Records for the exercise
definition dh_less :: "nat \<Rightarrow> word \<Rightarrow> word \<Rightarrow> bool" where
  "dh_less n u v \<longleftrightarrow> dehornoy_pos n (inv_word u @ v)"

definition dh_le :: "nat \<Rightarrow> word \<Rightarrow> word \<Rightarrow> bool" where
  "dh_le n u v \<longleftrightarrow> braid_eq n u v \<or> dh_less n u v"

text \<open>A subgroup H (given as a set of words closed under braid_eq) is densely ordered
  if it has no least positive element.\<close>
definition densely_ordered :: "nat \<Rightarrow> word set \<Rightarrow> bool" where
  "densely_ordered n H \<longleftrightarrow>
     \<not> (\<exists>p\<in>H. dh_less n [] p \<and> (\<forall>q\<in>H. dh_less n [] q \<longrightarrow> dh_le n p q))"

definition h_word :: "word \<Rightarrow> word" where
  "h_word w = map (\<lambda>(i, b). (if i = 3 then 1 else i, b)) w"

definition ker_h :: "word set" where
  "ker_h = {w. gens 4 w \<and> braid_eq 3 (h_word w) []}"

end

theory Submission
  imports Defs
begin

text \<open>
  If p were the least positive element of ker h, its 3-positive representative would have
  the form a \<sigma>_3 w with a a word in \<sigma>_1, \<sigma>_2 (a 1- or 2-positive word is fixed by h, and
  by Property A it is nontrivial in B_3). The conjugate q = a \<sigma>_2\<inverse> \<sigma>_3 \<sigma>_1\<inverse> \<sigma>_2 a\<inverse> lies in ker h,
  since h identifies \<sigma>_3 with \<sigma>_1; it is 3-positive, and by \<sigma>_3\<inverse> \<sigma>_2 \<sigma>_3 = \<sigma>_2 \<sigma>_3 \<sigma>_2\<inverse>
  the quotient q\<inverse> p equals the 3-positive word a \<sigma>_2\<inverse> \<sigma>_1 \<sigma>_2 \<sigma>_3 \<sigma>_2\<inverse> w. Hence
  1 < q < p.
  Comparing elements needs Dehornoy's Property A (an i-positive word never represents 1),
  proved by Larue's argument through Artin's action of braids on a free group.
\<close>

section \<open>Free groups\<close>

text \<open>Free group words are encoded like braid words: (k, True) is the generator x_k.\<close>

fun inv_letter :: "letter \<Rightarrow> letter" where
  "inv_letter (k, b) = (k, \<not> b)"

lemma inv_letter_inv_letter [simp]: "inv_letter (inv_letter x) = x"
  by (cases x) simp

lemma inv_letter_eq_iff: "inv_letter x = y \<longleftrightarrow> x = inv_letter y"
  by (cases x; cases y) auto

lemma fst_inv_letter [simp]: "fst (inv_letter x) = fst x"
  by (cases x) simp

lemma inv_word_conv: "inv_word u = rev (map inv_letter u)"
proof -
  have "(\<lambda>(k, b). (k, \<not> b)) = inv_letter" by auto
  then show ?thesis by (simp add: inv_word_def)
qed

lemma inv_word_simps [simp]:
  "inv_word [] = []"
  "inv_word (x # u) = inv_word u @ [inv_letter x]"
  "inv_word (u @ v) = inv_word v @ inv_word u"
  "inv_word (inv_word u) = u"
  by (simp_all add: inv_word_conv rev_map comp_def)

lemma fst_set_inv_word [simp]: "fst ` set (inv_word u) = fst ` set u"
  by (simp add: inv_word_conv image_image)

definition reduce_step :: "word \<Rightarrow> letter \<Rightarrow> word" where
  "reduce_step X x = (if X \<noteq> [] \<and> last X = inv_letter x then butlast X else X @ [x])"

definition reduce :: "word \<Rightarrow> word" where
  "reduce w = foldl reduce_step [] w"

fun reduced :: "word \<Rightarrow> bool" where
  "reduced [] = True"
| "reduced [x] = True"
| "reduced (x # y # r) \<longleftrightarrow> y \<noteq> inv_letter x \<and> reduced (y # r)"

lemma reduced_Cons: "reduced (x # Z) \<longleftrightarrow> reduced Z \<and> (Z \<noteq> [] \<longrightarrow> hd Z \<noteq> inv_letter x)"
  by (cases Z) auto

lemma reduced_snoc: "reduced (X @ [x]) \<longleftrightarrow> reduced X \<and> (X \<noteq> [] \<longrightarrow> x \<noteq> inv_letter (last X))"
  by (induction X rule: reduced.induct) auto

What the task requires
In the entries above, find the line with "v \<longleftrightarrow> braid_eq" and the line with "the form a \<sigma>_3", then restate word for word both of them and every line between, with nothing more.

Task answer
  "dh_le n u v \<longleftrightarrow> braid_eq n u v \<or> dh_less n u v"

text \<open>A subgroup H (given as a set of words closed under braid_eq) is densely ordered
  if it has no least positive element.\<close>
definition densely_ordered :: "nat \<Rightarrow> word set \<Rightarrow> bool" where
  "densely_ordered n H \<longleftrightarrow>
     \<not> (\<exists>p\<in>H. dh_less n [] p \<and> (\<forall>q\<in>H. dh_less n [] q \<longrightarrow> dh_le n p q))"

definition h_word :: "word \<Rightarrow> word" where
  "h_word w = map (\<lambda>(i, b). (if i = 3 then 1 else i, b)) w"

definition ker_h :: "word set" where
  "ker_h = {w. gens 4 w \<and> braid_eq 3 (h_word w) []}"

end

theory Submission
  imports Defs
begin

text \<open>
  If p were the least positive element of ker h, its 3-positive representative would have
  the form a \<sigma>_3 w with a a word in \<sigma>_1, \<sigma>_2 (a 1- or 2-positive word is fixed by h, and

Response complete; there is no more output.